Task objective.
Copy exactly the line that contains "(\<forall>t \<le> length" plus all remaining lines of the data, and leave out every line before it.

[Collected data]
definition avoids321 :: "nat \<Rightarrow> (nat \<Rightarrow> nat) \<Rightarrow> bool" where
  "avoids321 m \<pi> \<longleftrightarrow>
     \<not> (\<exists>i j k. 1 \<le> i \<and> i < j \<and> j < k \<and> k \<le> m \<and> \<pi> i > \<pi> j \<and> \<pi> j > \<pi> k)"

definition inv321 :: "nat \<Rightarrow> (nat \<Rightarrow> nat) set" where
  "inv321 m = {\<pi>. \<pi> permutes {1..m} \<and> involution \<pi> \<and> avoids321 m \<pi>}"

definition fp :: "nat \<Rightarrow> (nat \<Rightarrow> nat) \<Rightarrow> nat" where
  "fp m \<pi> = card {i \<in> {1..m}. \<pi> i = i}"

definition maj :: "nat \<Rightarrow> (nat \<Rightarrow> nat) \<Rightarrow> nat" where
  "maj m \<pi> = (\<Sum>i \<in> {i. 1 \<le> i \<and> i < m \<and> \<pi> i > \<pi> (Suc i)}. i)"

end

theory Submission
  imports Defs
begin

text \<open>Record an involution \<open>\<pi>\<close> of \<open>[m]\<close> as the word of steps \<open>Up\<close> at \<open>i < \<pi> i\<close>, \<open>Down\<close> at
  \<open>\<pi> i < i\<close> and \<open>Flat\<close> at fixed points. For a 321-avoiding involution the arcs \<open>i \<mapsto> \<pi> i\<close> are
  nested first-in-first-out and no fixed point lies under an arc, so its word is a path that never
  goes below the ground, ends on it, and has flat steps only on the ground; conversely \<open>\<pi>\<close> is
  recovered from such a path by matching the \<open>k\<close>-th \<open>Up\<close> with the \<open>k\<close>-th \<open>Down\<close>. Descents of
  \<open>\<pi>\<close> are exactly the peaks \<open>Up Down\<close> of its path, and fixed points are flat steps.
  Appending one step at a time gives Pascal-type recurrences for the major-index generating
  function of paths with \<open>d\<close> down steps, which are solved by the q-ballot numbers
  \<open>[n, d]\<^sub>q - [n, d - 1]\<^sub>q\<close>; the first identity follows by telescoping over \<open>d \<le> a\<close>.\<close>

section \<open>Gaussian binomial coefficients and q-ballot numbers\<close>

lemma qbinom_eq_0: "n < k \<Longrightarrow> qbinom q n k = 0"
proof (induction n arbitrary: k)
  case 0 then show ?case by (cases k) auto
next
  case (Suc n) then show ?case by (cases k) auto
qed

lemma qbinom_same [simp]: "qbinom q n n = 1"
  by (induction n) (auto simp: qbinom_eq_0)

lemma qbinom_Suc_1: "qbinom q (Suc n) (Suc 0) = (\<Sum>i\<le>n. q ^ i)"
  by (induction n) (simp_all add: sum.atMost_Suc_shift sum_distrib_left del: sum.atMost_Suc)

lemma qbinom_Suc_Suc_dual:
  "qbinom q (Suc n) (Suc k) = q ^ (n - k) * qbinom q n k + qbinom q n (Suc k)"
proof (induction n arbitrary: k)
  case 0
  then show ?case by (cases k) auto
next
  case (Suc n)
  show ?case
  proof (cases k)
    case 0
    then show ?thesis
      by (simp add: qbinom_Suc_1 add.commute del: qbinom.simps(3))
  next
    case (Suc k')
    show ?thesis
    proof (cases "k' < n")
      case True
      then obtain j where n: "n = Suc k' + j"
        using less_imp_Suc_add by blast
      define a b c where "a = qbinom q n k'" and "b = qbinom q n (Suc k')"
        and "c = qbinom q n (Suc (Suc k'))"
      define x y where "x = qbinom q (Suc n) (Suc k')" and "y = qbinom q (Suc n) (Suc (Suc k'))"
      have x_dual: "x = q ^ Suc j * a + b" and y_dual: "y = q ^ j * b + c"
        using Suc.IH[of k'] Suc.IH[of "Suc k'"] n by (simp_all add: x_def y_def a_def b_def c_def)
      have x_pascal: "x = a + q ^ Suc k' * b" and y_pascal: "y = b + q ^ Suc (Suc k') * c"
        by (simp_all add: x_def y_def a_def b_def c_def)
      have "qbinom q (Suc (Suc n)) (Suc (Suc k')) = x + q ^ Suc (Suc k') * y"
        by (simp add: x_def y_def)
      also have "\<dots> = q ^ Suc j * a + b + q ^ Suc (Suc k') * (q ^ j * b + c)"
        by (simp add: x_dual y_dual)
      also have "\<dots> = q ^ Suc j * (a + q ^ Suc k' * b) + (b + q ^ Suc (Suc k') * c)"
        by (simp add: algebra_simps flip: power_add)
      also have "\<dots> = q ^ (Suc n - k) * x + y"
        using n Suc by (simp add: x_pascal y_pascal)
      finally show ?thesis
        using Suc by (simp add: x_def y_def)
    next
      case False
      then show ?thesis
        using Suc by (cases "k' = n") (auto simp: qbinom_eq_0)
    qed
  qed
qed

lemma qbinom_symmetric: "k \<le> n \<Longrightarrow> qbinom q n k = qbinom q n (n - k)"
proof (induction n arbitrary: k)
  case 0
  then show ?case by simp
next
  case (Suc n)
  show ?case
  proof (cases k)
    case 0
    then show ?thesis by simp
  next
    case (Suc k')
    show ?thesis
    proof (cases "k' = n")
      case True
      with Suc show ?thesis by simp
    next
      case False
      with Suc \<open>k \<le> Suc n\<close> obtain j where j: "n = Suc k' + j"
        using less_imp_Suc_add by fastforce
      have "qbinom q (Suc n) (Suc n - k) = q ^ Suc k' * qbinom q n j + qbinom q n (Suc j)"
        using qbinom_Suc_Suc_dual[of q n j] j Suc by simp
      also have "qbinom q n j = qbinom q n (Suc k')"
        using Suc.IH[of "Suc k'"] j by simp
      also have "qbinom q n (Suc j) = qbinom q n k'"
        using Suc.IH[of k'] j by simp
      finally show ?thesis
        using Suc by (simp add: add.commute)
    qed
  qed
qed

lemma qbinom_Suc_diff:
  fixes q :: "'a::comm_ring_1"
  shows "qbinom q (Suc n) (Suc k) - qbinom q n (Suc k) = q ^ (n - k) * qbinom q n k"
  by (subst qbinom_Suc_Suc_dual) (rule add_diff_cancel_right')

definition qballot :: "'a::comm_ring_1 \<Rightarrow> nat \<Rightarrow> nat \<Rightarrow> 'a" where
  "qballot q n d = qbinom q n d - (if d = 0 then 0 else qbinom q n (d - 1))"

lemma sum_qballot: "(\<Sum>d\<le>a. qballot q n d) = qbinom q n a"
  by (induction a) (auto simp: qballot_def)

lemma qballot_eq_0: "1 \<le> d \<Longrightarrow> qballot q (2 * d - 1) d = 0"
  using qbinom_symmetric[of d "2 * d - 1" q] by (simp add: qballot_def)

lemma qballot_Suc_Suc_diff:
  assumes "d \<le> Suc p"
  shows "qballot q (Suc (Suc p)) (Suc d) - qballot q (Suc p) (Suc d)
           = q ^ Suc p * qballot q p d + (qballot q (Suc p) d - qballot q p d)"
proof (cases d)
  case 0
  then show ?thesis
    using qbinom_Suc_diff[of q "Suc p" 0] by (simp add: qballot_def)
next
  case (Suc e)
  with assms obtain j where p: "p = e + j"
    using le_Suc_ex by fastforce
  have shifted: "q ^ Suc j * qbinom q (Suc p) e = q ^ Suc p * qbinom q p e + (qbinom q (Suc p) e - qbinom q p e)"
  proof (cases e)
    case (Suc e')
    have "q ^ Suc j * qbinom q (Suc p) e = q ^ Suc j * qbinom q p e' + q ^ Suc p * qbinom q p e"
      using Suc p by (simp add: algebra_simps power_add)
    also have "q ^ Suc j * qbinom q p e' = qbinom q (Suc p) e - qbinom q p e"
      using qbinom_Suc_diff[of q p e'] Suc p by simp
    finally show ?thesis by simp
  qed (use p in simp)
  have "qballot q (Suc (Suc p)) (Suc d) - qballot q (Suc p) (Suc d)
          = (qbinom q (Suc (Suc p)) (Suc d) - qbinom q (Suc p) (Suc d))
            - (qbinom q (Suc (Suc p)) d - qbinom q (Suc p) d)"
    using Suc by (simp add: qballot_def algebra_simps del: qbinom.simps(3))
  also have "\<dots> = q ^ j * qbinom q (Suc p) (Suc e) - q ^ Suc j * qbinom q (Suc p) e"
    using Suc p by (simp only: qbinom_Suc_diff) simp
  also have "\<dots> = q ^ j * qbinom q p e + q ^ Suc p * qbinom q p (Suc e)
                     - q ^ Suc j * qbinom q (Suc p) e"
    using p by (simp add: algebra_simps power_add)
  also have "\<dots> = q ^ Suc p * qballot q p d + (qballot q (Suc p) d - qballot q p d)"
    using shifted qbinom_Suc_diff[of q p e] Suc p by (simp add: qballot_def algebra_simps del: qbinom.simps(3))
  finally show ?thesis .
qed

section \<open>Paths with flat steps on the ground\<close>

datatype step = Up | Down | Flat

definition admissible :: "step list \<Rightarrow> bool" where
  "admissible xs \<longleftrightarrow>
     (\<forall>t \<le> length xs. count_list (take t xs) Down \<le> count_list (take t xs) Up) \<and>
     (\<forall>i < length xs. xs ! i = Flat \<longrightarrow> count_list (take i xs) Up = count_list (take i xs) Down)"

definition paths :: "nat \<Rightarrow> nat \<Rightarrow> nat \<Rightarrow> step list set" where
  "paths n d h = {xs. length xs = n \<and> admissible xs \<and> count_list xs Down = d \<and> count_list xs Up = d + h}"

definition word_maj :: "step list \<Rightarrow> nat" where
  "word_maj xs = \<Sum> {i. 1 \<le> i \<and> i < length xs \<and> xs ! (i - 1) = Up \<and> xs ! i = Down}"

definition ends_down :: "step list \<Rightarrow> bool" where
  "ends_down xs \<longleftrightarrow> xs \<noteq> [] \<and> last xs = Down"

text \<open>Appending \<open>Down\<close> creates a new peak exactly after an \<open>Up\<close> step, hence the split by the last step.\<close>

definition gf_ends_down :: "'a::comm_ring_1 \<Rightarrow> nat \<Rightarrow> nat \<Rightarrow> nat \<Rightarrow> 'a" where
  "gf_ends_down q n d h = (\<Sum>xs \<in> {xs \<in> paths n d h. ends_down xs}. q ^ word_maj xs)"

definition gf_ends_other :: "'a::comm_ring_1 \<Rightarrow> nat \<Rightarrow> nat \<Rightarrow> nat \<Rightarrow> 'a" where
  "gf_ends_other q n d h = (\<Sum>xs \<in> {xs \<in> paths n d h. \<not> ends_down xs}. q ^ word_maj xs)"

lemma UNIV_step: "UNIV = {Up, Down, Flat}"
  using step.exhaust by auto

Answer section.
     (\<forall>t \<le> length xs. count_list (take t xs) Down \<le> count_list (take t xs) Up) \<and>
     (\<forall>i < length xs. xs ! i = Flat \<longrightarrow> count_list (take i xs) Up = count_list (take i xs) Down)"

definition paths :: "nat \<Rightarrow> nat \<Rightarrow> nat \<Rightarrow> step list set" where
  "paths n d h = {xs. length xs = n \<and> admissible xs \<and> count_list xs Down = d \<and> count_list xs Up = d + h}"

definition word_maj :: "step list \<Rightarrow> nat" where
  "word_maj xs = \<Sum> {i. 1 \<le> i \<and> i < length xs \<and> xs ! (i - 1) = Up \<and> xs ! i = Down}"

definition ends_down :: "step list \<Rightarrow> bool" where
  "ends_down xs \<longleftrightarrow> xs \<noteq> [] \<and> last xs = Down"

text \<open>Appending \<open>Down\<close> creates a new peak exactly after an \<open>Up\<close> step, hence the split by the last step.\<close>

definition gf_ends_down :: "'a::comm_ring_1 \<Rightarrow> nat \<Rightarrow> nat \<Rightarrow> nat \<Rightarrow> 'a" where
  "gf_ends_down q n d h = (\<Sum>xs \<in> {xs \<in> paths n d h. ends_down xs}. q ^ word_maj xs)"

definition gf_ends_other :: "'a::comm_ring_1 \<Rightarrow> nat \<Rightarrow> nat \<Rightarrow> nat \<Rightarrow> 'a" where
  "gf_ends_other q n d h = (\<Sum>xs \<in> {xs \<in> paths n d h. \<not> ends_down xs}. q ^ word_maj xs)"

lemma UNIV_step: "UNIV = {Up, Down, Flat}"
  using step.exhaust by auto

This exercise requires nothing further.